(Supplied records)

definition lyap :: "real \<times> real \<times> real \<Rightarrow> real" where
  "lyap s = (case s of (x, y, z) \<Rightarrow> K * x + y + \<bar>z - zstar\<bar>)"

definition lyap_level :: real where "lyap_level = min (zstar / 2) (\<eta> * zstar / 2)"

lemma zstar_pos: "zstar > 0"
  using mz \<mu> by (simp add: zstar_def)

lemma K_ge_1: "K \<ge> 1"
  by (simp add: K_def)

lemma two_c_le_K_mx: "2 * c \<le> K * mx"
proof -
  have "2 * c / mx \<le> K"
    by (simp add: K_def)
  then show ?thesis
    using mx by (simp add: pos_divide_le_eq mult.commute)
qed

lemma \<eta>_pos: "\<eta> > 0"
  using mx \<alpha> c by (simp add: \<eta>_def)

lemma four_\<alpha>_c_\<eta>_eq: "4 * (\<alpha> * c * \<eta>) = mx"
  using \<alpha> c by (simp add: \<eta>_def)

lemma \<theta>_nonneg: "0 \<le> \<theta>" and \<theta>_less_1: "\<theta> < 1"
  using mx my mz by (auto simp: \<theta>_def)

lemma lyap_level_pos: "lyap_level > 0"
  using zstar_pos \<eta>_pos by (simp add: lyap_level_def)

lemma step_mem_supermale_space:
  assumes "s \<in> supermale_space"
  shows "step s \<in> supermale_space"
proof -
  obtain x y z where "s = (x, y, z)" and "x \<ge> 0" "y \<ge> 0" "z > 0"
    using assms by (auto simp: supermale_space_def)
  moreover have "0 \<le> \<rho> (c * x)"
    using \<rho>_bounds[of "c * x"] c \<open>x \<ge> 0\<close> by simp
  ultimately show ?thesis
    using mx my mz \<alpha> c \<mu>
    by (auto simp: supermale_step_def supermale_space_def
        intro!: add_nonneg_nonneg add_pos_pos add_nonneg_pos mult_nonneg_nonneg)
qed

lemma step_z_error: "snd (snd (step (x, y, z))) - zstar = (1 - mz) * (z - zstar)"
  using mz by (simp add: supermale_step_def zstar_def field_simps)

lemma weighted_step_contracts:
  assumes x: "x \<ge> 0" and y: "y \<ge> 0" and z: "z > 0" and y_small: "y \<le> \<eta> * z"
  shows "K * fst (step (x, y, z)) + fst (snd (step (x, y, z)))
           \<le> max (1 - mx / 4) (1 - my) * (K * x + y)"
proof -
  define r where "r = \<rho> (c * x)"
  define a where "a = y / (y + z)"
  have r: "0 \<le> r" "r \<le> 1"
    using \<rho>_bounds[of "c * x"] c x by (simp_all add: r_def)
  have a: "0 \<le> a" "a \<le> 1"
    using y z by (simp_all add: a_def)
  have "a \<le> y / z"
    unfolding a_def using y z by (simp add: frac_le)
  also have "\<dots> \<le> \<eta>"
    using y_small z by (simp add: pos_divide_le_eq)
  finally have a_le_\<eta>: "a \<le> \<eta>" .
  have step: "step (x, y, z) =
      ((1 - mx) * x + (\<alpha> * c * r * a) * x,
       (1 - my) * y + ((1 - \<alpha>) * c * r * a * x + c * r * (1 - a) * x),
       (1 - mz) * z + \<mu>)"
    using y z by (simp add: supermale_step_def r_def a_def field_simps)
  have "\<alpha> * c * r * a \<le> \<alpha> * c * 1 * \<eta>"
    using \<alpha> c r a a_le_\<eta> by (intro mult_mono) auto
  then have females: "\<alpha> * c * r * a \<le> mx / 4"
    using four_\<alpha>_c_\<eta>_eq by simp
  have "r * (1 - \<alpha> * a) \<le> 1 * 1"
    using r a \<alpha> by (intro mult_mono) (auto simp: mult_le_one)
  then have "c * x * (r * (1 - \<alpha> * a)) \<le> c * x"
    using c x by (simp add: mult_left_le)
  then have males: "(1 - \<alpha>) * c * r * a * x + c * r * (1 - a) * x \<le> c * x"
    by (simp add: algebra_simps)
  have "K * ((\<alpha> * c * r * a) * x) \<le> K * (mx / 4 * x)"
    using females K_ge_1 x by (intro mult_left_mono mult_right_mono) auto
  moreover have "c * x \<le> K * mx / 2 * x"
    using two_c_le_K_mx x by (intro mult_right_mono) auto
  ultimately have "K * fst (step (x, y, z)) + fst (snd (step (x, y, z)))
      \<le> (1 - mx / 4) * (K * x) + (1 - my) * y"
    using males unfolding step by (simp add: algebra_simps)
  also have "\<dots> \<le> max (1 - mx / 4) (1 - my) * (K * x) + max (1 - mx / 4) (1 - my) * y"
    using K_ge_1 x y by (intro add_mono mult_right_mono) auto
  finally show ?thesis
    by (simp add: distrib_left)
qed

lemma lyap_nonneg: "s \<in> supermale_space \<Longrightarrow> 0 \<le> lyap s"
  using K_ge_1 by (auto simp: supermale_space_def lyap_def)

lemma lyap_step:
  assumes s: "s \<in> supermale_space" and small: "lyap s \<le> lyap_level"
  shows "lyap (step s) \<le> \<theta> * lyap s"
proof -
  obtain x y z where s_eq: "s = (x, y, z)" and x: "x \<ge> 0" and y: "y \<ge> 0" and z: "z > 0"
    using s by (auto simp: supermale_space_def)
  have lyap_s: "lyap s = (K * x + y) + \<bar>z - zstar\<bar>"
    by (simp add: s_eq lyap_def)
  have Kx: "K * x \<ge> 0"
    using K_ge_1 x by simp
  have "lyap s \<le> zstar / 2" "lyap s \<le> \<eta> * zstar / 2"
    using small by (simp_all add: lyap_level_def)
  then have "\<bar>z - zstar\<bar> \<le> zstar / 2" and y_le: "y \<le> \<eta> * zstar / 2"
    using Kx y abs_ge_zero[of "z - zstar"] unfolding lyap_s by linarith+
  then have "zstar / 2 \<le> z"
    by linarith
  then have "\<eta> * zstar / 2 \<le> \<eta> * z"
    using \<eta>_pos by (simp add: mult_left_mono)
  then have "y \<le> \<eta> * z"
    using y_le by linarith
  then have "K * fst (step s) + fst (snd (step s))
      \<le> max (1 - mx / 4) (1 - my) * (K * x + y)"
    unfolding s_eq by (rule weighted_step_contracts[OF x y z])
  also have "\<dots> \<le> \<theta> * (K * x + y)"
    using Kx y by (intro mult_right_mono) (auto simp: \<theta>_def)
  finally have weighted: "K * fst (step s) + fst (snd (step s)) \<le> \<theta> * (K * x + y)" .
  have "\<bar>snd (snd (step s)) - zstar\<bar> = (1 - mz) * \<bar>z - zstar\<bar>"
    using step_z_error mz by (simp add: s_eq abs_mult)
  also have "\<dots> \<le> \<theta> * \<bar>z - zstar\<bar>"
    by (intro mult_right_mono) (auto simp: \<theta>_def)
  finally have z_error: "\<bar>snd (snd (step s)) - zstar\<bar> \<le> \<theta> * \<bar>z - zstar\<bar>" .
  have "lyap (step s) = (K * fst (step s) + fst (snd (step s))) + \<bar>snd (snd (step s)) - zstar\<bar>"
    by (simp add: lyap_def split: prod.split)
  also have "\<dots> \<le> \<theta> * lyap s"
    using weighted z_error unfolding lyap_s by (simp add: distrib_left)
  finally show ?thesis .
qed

(End Supplied records)
(Supplied records)

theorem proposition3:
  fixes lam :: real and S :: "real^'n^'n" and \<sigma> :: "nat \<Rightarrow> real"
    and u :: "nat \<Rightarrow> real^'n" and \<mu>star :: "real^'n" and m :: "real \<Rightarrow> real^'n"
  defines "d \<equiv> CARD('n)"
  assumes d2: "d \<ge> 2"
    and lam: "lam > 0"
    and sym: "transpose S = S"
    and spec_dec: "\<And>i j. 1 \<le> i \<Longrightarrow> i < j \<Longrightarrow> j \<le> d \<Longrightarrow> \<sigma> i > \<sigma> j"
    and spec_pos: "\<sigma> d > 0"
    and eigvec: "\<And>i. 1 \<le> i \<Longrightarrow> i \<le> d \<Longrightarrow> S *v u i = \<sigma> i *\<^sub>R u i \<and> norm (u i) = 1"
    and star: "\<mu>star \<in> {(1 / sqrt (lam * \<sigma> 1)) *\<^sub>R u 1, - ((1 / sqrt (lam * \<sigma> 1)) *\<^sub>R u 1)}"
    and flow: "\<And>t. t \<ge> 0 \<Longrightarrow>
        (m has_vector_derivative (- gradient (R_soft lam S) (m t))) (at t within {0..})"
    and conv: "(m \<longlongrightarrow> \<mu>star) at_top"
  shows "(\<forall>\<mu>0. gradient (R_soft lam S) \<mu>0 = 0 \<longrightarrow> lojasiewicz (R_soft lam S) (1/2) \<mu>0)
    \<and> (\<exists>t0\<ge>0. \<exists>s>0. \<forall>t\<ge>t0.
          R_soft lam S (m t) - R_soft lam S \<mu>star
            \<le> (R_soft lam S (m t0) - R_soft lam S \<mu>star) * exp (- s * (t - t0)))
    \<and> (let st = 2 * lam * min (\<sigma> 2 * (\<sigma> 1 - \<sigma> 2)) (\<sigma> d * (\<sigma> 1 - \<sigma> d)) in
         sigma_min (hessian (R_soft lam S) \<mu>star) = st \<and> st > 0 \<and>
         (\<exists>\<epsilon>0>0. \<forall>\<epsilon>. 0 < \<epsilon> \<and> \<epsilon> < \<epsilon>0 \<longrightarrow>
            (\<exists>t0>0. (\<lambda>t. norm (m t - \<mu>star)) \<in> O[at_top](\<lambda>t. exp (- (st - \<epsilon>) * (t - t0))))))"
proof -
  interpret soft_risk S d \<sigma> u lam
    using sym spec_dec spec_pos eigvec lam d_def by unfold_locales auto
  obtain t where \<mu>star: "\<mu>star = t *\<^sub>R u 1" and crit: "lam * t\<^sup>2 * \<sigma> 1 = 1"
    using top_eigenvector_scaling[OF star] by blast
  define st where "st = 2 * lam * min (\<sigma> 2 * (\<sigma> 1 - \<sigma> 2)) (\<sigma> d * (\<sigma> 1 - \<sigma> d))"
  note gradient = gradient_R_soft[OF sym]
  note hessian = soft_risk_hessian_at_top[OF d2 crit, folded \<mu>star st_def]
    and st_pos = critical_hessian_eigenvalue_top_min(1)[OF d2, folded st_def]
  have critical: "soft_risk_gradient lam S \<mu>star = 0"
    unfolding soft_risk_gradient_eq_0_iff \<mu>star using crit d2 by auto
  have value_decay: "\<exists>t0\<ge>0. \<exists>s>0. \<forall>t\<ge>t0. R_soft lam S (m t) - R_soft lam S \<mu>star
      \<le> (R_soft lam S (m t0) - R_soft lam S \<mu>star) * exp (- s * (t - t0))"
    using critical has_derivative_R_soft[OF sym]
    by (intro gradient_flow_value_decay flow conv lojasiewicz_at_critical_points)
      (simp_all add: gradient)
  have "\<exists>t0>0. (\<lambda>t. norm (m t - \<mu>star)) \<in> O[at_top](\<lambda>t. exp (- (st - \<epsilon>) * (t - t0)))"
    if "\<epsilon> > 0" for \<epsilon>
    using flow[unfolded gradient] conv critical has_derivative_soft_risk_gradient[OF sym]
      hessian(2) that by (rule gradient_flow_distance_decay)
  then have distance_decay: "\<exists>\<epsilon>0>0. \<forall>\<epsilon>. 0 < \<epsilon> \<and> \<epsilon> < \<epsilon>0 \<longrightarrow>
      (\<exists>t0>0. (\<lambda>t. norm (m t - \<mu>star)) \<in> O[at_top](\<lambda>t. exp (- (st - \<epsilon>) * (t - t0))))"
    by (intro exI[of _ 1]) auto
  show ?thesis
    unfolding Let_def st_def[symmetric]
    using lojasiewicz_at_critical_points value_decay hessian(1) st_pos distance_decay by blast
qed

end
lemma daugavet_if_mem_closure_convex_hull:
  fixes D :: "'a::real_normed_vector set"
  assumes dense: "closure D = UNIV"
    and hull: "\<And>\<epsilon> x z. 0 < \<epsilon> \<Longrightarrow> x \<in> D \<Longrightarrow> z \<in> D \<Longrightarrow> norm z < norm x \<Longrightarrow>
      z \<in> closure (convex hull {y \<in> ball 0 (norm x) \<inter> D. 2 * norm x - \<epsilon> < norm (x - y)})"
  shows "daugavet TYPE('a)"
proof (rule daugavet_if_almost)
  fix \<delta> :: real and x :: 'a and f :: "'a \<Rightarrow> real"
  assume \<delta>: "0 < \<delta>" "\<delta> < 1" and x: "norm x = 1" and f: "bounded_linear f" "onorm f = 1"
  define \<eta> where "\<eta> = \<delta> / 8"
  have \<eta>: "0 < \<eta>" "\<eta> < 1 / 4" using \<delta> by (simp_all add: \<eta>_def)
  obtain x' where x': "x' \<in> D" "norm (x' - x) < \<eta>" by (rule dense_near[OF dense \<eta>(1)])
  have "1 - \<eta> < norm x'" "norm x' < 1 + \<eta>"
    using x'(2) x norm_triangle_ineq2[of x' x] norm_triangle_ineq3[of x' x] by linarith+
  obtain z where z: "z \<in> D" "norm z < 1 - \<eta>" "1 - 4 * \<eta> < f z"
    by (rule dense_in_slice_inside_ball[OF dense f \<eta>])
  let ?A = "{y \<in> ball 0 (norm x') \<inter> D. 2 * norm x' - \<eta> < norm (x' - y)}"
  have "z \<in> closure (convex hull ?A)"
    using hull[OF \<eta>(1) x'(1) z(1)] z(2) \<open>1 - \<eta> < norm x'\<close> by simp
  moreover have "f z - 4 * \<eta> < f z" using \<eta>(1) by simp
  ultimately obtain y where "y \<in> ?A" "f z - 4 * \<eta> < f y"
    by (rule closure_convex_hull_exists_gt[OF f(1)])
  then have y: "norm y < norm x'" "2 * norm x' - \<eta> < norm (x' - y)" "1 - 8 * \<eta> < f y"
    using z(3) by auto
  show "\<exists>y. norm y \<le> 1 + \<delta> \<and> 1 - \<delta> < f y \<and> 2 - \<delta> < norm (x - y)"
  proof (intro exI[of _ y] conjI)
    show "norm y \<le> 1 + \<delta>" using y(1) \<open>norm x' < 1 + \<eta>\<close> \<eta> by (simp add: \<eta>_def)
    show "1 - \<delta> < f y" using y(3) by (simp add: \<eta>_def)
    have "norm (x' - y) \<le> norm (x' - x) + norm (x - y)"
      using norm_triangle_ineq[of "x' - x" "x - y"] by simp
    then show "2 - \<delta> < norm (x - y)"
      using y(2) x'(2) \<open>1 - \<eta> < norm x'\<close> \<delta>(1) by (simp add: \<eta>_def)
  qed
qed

(End Supplied records)

■ **What is being asked**
Find the lines of the listing above that hold "obtain". Please copy them.

■ **Solved exercise**
  obtain x y z where "s = (x, y, z)" and "x \<ge> 0" "y \<ge> 0" "z > 0"
  obtain x y z where s_eq: "s = (x, y, z)" and x: "x \<ge> 0" and y: "y \<ge> 0" and z: "z > 0"
  obtain t where \<mu>star: "\<mu>star = t *\<^sub>R u 1" and crit: "lam * t\<^sup>2 * \<sigma> 1 = 1"
  obtain x' where x': "x' \<in> D" "norm (x' - x) < \<eta>" by (rule dense_near[OF dense \<eta>(1)])
  obtain z where z: "z \<in> D" "norm z < 1 - \<eta>" "1 - 4 * \<eta> < f z"
  ultimately obtain y where "y \<in> ?A" "f z - 4 * \<eta> < f y"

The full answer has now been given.